→ **ENTRIES SHOWN**:

────────────────────

lemma pd_subst: "pd i (subst g p) = (\<Sum>j<3. subst g (pd j p) * pd i (g j))"
proof (induction p rule: poly_mapping_induct)
  case (single m c)
  obtain a b d where m: "m = (a, b, d)" by (cases m) auto
  have lhs: "pd i (subst g (Poly_Mapping.single m c)) =
     const3 c * (of_nat a * g 0 ^ (a - 1) * pd i (g 0) * g 1 ^ b * g 2 ^ d
      + g 0 ^ a * (of_nat b * g 1 ^ (b - 1) * pd i (g 1)) * g 2 ^ d
      + g 0 ^ a * g 1 ^ b * (of_nat d * g 2 ^ (d - 1) * pd i (g 2)))"
    unfolding m by (simp add: subst_single eval_monom_def pd_mult pd_power algebra_simps)
  note simps = pd_single subst_single eval_monom_def eunit_def ecomp_def const3_mult const3_add
    const3_of_nat algebra_simps
  have "subst g (pd 0 (Poly_Mapping.single m c)) = const3 c * of_nat a * g 0 ^ (a - 1) * g 1 ^ b * g 2 ^ d"
    unfolding m by (cases a) (simp_all add: simps)
  moreover have "subst g (pd 1 (Poly_Mapping.single m c)) = const3 c * of_nat b * g 0 ^ a * g 1 ^ (b - 1) * g 2 ^ d"
    unfolding m by (cases b) (simp_all add: simps)
  moreover have "subst g (pd 2 (Poly_Mapping.single m c)) = const3 c * of_nat d * g 0 ^ a * g 1 ^ b * g 2 ^ (d - 1)"
    unfolding m by (cases d) (simp_all add: simps)
  ultimately show ?case
    unfolding lhs sum_lessThan_3 by (simp add: algebra_simps)
qed (simp_all add: subst_add pd_add sum.distrib distrib_right)

definition jac3 :: "'k::comm_ring_1 mpoly3 \<Rightarrow> 'k mpoly3 \<Rightarrow> 'k mpoly3 \<Rightarrow> 'k mpoly3" where
  "jac3 a b c = (pd 1 a * pd 2 b - pd 2 a * pd 1 b) * pd 0 c + (pd 2 a * pd 0 b - pd 0 a * pd 2 b) * pd 1 c
     + (pd 0 a * pd 1 b - pd 1 a * pd 0 b) * pd 2 c"

definition jac_det :: "(nat \<Rightarrow> 'k::comm_ring_1 mpoly3) \<Rightarrow> 'k mpoly3" where
  "jac_det g = jac3 (g 0) (g 1) (g 2)"

text \<open>det (M A) = det M * det A for M with rows p, q, t and A with rows a0, a1, a2, in the
  cross-product form of jac3.\<close>
lemma det3_mult:
  fixes p0 p1 p2 q0 q1 q2 t0 t1 t2 :: "'a::comm_ring_1"
  shows
  "((p0 * a0 1 + p1 * a1 1 + p2 * a2 1) * (q0 * a0 2 + q1 * a1 2 + q2 * a2 2)
    - (p0 * a0 2 + p1 * a1 2 + p2 * a2 2) * (q0 * a0 1 + q1 * a1 1 + q2 * a2 1)) * (t0 * a0 0 + t1 * a1 0 + t2 * a2 0)
   + ((p0 * a0 2 + p1 * a1 2 + p2 * a2 2) * (q0 * a0 0 + q1 * a1 0 + q2 * a2 0)
    - (p0 * a0 0 + p1 * a1 0 + p2 * a2 0) * (q0 * a0 2 + q1 * a1 2 + q2 * a2 2)) * (t0 * a0 1 + t1 * a1 1 + t2 * a2 1)
   + ((p0 * a0 0 + p1 * a1 0 + p2 * a2 0) * (q0 * a0 1 + q1 * a1 1 + q2 * a2 1)
    - (p0 * a0 1 + p1 * a1 1 + p2 * a2 1) * (q0 * a0 0 + q1 * a1 0 + q2 * a2 0)) * (t0 * a0 2 + t1 * a1 2 + t2 * a2 2)
   = ((a0 1 * a1 2 - a0 2 * a1 1) * a2 0 + (a0 2 * a1 0 - a0 0 * a1 2) * a2 1 + (a0 0 * a1 1 - a0 1 * a1 0) * a2 2)
     * ((p1 * q2 - p2 * q1) * t0 + (p2 * q0 - p0 * q2) * t1 + (p0 * q1 - p1 * q0) * t2)"
  by (simp add: algebra_simps)

lemma jac3_subst: "jac3 (subst g p) (subst g q) (subst g t) = jac_det g * subst g (jac3 p q t)"
  unfolding jac_det_def jac3_def pd_subst sum_lessThan_3 subst_add subst_diff subst_mult
  by (rule det3_mult)

lemma alg_hom3_jac3:
  assumes "alg_hom3 f"
  shows "jac3 (f p) (f q) (f t) = jac_det (\<lambda>i. f (var3 i)) * f (jac3 p q t)"
  by (subst (1 2 3 4) alg_hom3_eq_subst[OF assms]) (rule jac3_subst)

definition Omega :: "'k::comm_ring_1 mpoly3" where
  "Omega = var3 0 ^ 3 + var3 0 ^ 2 * var3 1 + var3 0 * var3 1 * var3 2"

────────────────────

→ **WHAT THIS TASK INVOLVES**: Give all the entries again exactly; leave none out.

→ **EXERCISE OUTPUT**:
lemma pd_subst: "pd i (subst g p) = (\<Sum>j<3. subst g (pd j p) * pd i (g j))"
proof (induction p rule: poly_mapping_induct)
  case (single m c)
  obtain a b d where m: "m = (a, b, d)" by (cases m) auto
  have lhs: "pd i (subst g (Poly_Mapping.single m c)) =
     const3 c * (of_nat a * g 0 ^ (a - 1) * pd i (g 0) * g 1 ^ b * g 2 ^ d
      + g 0 ^ a * (of_nat b * g 1 ^ (b - 1) * pd i (g 1)) * g 2 ^ d
      + g 0 ^ a * g 1 ^ b * (of_nat d * g 2 ^ (d - 1) * pd i (g 2)))"
    unfolding m by (simp add: subst_single eval_monom_def pd_mult pd_power algebra_simps)
  note simps = pd_single subst_single eval_monom_def eunit_def ecomp_def const3_mult const3_add
    const3_of_nat algebra_simps
  have "subst g (pd 0 (Poly_Mapping.single m c)) = const3 c * of_nat a * g 0 ^ (a - 1) * g 1 ^ b * g 2 ^ d"
    unfolding m by (cases a) (simp_all add: simps)
  moreover have "subst g (pd 1 (Poly_Mapping.single m c)) = const3 c * of_nat b * g 0 ^ a * g 1 ^ (b - 1) * g 2 ^ d"
    unfolding m by (cases b) (simp_all add: simps)
  moreover have "subst g (pd 2 (Poly_Mapping.single m c)) = const3 c * of_nat d * g 0 ^ a * g 1 ^ b * g 2 ^ (d - 1)"
    unfolding m by (cases d) (simp_all add: simps)
  ultimately show ?case
    unfolding lhs sum_lessThan_3 by (simp add: algebra_simps)
qed (simp_all add: subst_add pd_add sum.distrib distrib_right)

definition jac3 :: "'k::comm_ring_1 mpoly3 \<Rightarrow> 'k mpoly3 \<Rightarrow> 'k mpoly3 \<Rightarrow> 'k mpoly3" where
  "jac3 a b c = (pd 1 a * pd 2 b - pd 2 a * pd 1 b) * pd 0 c + (pd 2 a * pd 0 b - pd 0 a * pd 2 b) * pd 1 c
     + (pd 0 a * pd 1 b - pd 1 a * pd 0 b) * pd 2 c"

definition jac_det :: "(nat \<Rightarrow> 'k::comm_ring_1 mpoly3) \<Rightarrow> 'k mpoly3" where
  "jac_det g = jac3 (g 0) (g 1) (g 2)"

text \<open>det (M A) = det M * det A for M with rows p, q, t and A with rows a0, a1, a2, in the
  cross-product form of jac3.\<close>
lemma det3_mult:
  fixes p0 p1 p2 q0 q1 q2 t0 t1 t2 :: "'a::comm_ring_1"
  shows
  "((p0 * a0 1 + p1 * a1 1 + p2 * a2 1) * (q0 * a0 2 + q1 * a1 2 + q2 * a2 2)
    - (p0 * a0 2 + p1 * a1 2 + p2 * a2 2) * (q0 * a0 1 + q1 * a1 1 + q2 * a2 1)) * (t0 * a0 0 + t1 * a1 0 + t2 * a2 0)
   + ((p0 * a0 2 + p1 * a1 2 + p2 * a2 2) * (q0 * a0 0 + q1 * a1 0 + q2 * a2 0)
    - (p0 * a0 0 + p1 * a1 0 + p2 * a2 0) * (q0 * a0 2 + q1 * a1 2 + q2 * a2 2)) * (t0 * a0 1 + t1 * a1 1 + t2 * a2 1)
   + ((p0 * a0 0 + p1 * a1 0 + p2 * a2 0) * (q0 * a0 1 + q1 * a1 1 + q2 * a2 1)
    - (p0 * a0 1 + p1 * a1 1 + p2 * a2 1) * (q0 * a0 0 + q1 * a1 0 + q2 * a2 0)) * (t0 * a0 2 + t1 * a1 2 + t2 * a2 2)
   = ((a0 1 * a1 2 - a0 2 * a1 1) * a2 0 + (a0 2 * a1 0 - a0 0 * a1 2) * a2 1 + (a0 0 * a1 1 - a0 1 * a1 0) * a2 2)
     * ((p1 * q2 - p2 * q1) * t0 + (p2 * q0 - p0 * q2) * t1 + (p0 * q1 - p1 * q0) * t2)"
  by (simp add: algebra_simps)

lemma jac3_subst: "jac3 (subst g p) (subst g q) (subst g t) = jac_det g * subst g (jac3 p q t)"
  unfolding jac_det_def jac3_def pd_subst sum_lessThan_3 subst_add subst_diff subst_mult
  by (rule det3_mult)

lemma alg_hom3_jac3:
  assumes "alg_hom3 f"
  shows "jac3 (f p) (f q) (f t) = jac_det (\<lambda>i. f (var3 i)) * f (jac3 p q t)"
  by (subst (1 2 3 4) alg_hom3_eq_subst[OF assms]) (rule jac3_subst)

definition Omega :: "'k::comm_ring_1 mpoly3" where
  "Omega = var3 0 ^ 3 + var3 0 ^ 2 * var3 1 + var3 0 * var3 1 * var3 2"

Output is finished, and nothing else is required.